### Your assignment:
For the word "auto", find each line in the entries where it occurs and copy that line.

### Source material:
==================================================

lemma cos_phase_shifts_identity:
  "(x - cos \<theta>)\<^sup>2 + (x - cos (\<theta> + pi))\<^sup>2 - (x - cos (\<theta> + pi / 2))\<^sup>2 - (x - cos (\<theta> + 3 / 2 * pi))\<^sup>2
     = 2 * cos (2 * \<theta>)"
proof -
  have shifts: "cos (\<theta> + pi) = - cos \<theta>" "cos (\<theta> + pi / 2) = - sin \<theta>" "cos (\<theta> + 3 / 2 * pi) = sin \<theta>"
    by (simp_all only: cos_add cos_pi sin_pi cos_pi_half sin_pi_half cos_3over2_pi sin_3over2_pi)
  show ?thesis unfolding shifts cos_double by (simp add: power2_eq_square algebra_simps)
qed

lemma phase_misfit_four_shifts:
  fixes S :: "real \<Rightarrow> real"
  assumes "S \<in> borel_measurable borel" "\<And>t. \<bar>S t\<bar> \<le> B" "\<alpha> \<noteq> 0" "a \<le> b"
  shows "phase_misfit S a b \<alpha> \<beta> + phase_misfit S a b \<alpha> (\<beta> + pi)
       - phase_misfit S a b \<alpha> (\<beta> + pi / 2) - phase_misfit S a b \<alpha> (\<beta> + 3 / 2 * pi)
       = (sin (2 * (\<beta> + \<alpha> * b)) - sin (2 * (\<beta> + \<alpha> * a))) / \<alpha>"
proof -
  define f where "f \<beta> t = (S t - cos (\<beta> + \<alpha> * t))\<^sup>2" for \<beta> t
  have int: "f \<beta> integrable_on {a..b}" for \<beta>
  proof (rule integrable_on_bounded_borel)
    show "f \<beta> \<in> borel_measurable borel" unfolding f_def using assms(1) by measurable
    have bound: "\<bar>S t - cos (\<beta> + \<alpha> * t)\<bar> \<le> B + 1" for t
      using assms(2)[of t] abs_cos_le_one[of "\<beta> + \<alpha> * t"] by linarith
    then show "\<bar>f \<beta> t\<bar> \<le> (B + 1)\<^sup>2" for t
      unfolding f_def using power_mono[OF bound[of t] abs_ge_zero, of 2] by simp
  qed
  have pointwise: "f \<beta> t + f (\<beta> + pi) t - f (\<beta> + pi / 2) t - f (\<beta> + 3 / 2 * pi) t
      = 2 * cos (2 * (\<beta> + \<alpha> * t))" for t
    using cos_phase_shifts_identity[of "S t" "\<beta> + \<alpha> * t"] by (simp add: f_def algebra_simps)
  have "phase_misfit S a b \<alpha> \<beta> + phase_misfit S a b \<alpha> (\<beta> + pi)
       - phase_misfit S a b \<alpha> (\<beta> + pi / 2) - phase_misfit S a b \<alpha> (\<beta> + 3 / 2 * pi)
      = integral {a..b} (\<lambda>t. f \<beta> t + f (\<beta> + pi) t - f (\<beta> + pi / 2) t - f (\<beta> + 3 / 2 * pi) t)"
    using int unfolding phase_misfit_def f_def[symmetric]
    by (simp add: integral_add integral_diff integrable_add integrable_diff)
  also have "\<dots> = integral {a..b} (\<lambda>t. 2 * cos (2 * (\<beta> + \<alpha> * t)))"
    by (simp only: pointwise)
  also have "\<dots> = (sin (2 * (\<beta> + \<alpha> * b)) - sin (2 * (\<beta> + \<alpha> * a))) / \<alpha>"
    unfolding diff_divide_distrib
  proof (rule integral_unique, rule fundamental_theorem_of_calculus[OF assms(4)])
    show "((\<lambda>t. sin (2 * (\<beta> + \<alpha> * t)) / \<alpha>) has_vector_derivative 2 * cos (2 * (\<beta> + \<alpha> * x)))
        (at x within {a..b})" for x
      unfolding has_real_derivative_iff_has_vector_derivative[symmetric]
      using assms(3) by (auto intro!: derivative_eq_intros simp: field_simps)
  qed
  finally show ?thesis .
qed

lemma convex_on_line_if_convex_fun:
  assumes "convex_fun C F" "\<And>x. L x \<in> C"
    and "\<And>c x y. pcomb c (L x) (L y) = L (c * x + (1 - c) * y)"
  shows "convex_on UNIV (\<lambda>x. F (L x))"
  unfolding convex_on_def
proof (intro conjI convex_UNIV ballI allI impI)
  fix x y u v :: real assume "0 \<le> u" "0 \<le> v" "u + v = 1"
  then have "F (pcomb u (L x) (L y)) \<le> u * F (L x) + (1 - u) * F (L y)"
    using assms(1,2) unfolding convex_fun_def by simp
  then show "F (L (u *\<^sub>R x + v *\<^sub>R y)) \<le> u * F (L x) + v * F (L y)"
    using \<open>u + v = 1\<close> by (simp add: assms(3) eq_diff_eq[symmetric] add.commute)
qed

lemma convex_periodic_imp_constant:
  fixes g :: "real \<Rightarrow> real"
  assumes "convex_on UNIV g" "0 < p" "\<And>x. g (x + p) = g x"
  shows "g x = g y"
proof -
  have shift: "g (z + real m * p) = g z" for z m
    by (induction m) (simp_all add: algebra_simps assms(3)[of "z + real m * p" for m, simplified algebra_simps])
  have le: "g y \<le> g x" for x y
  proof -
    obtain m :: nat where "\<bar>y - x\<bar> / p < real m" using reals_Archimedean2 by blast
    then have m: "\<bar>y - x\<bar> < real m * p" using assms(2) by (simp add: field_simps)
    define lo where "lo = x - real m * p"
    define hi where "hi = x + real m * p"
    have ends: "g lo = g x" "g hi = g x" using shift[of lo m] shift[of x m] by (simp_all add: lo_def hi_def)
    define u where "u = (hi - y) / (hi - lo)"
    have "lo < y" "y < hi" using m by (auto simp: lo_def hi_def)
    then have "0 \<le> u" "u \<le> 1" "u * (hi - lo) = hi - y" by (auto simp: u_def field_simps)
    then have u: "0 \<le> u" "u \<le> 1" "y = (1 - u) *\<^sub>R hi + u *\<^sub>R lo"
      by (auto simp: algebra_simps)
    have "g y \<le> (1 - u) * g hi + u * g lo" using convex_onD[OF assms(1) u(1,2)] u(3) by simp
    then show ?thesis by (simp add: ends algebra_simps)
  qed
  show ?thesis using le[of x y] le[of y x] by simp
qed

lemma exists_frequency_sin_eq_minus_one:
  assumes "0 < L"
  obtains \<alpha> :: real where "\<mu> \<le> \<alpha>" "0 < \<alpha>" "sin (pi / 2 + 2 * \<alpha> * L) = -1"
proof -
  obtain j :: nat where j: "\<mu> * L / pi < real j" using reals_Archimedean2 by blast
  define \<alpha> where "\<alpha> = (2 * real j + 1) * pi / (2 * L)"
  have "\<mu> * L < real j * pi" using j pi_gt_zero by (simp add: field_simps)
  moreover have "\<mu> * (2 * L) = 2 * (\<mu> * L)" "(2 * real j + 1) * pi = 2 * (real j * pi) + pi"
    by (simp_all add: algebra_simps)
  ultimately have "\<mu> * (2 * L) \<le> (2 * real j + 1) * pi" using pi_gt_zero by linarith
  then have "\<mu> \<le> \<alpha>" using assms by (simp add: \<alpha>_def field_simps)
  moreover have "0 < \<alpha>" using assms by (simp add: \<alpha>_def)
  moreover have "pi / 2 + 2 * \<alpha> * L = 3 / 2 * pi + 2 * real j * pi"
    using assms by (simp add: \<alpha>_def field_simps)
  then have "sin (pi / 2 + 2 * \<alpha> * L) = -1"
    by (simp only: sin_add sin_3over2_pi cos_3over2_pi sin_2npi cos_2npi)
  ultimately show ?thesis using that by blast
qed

==================================================

### Result of the task:
      using assms(3) by (auto intro!: derivative_eq_intros simp: field_simps)
    have "lo < y" "y < hi" using m by (auto simp: lo_def hi_def)
    then have "0 \<le> u" "u \<le> 1" "u * (hi - lo) = hi - y" by (auto simp: u_def field_simps)
      by (auto simp: algebra_simps)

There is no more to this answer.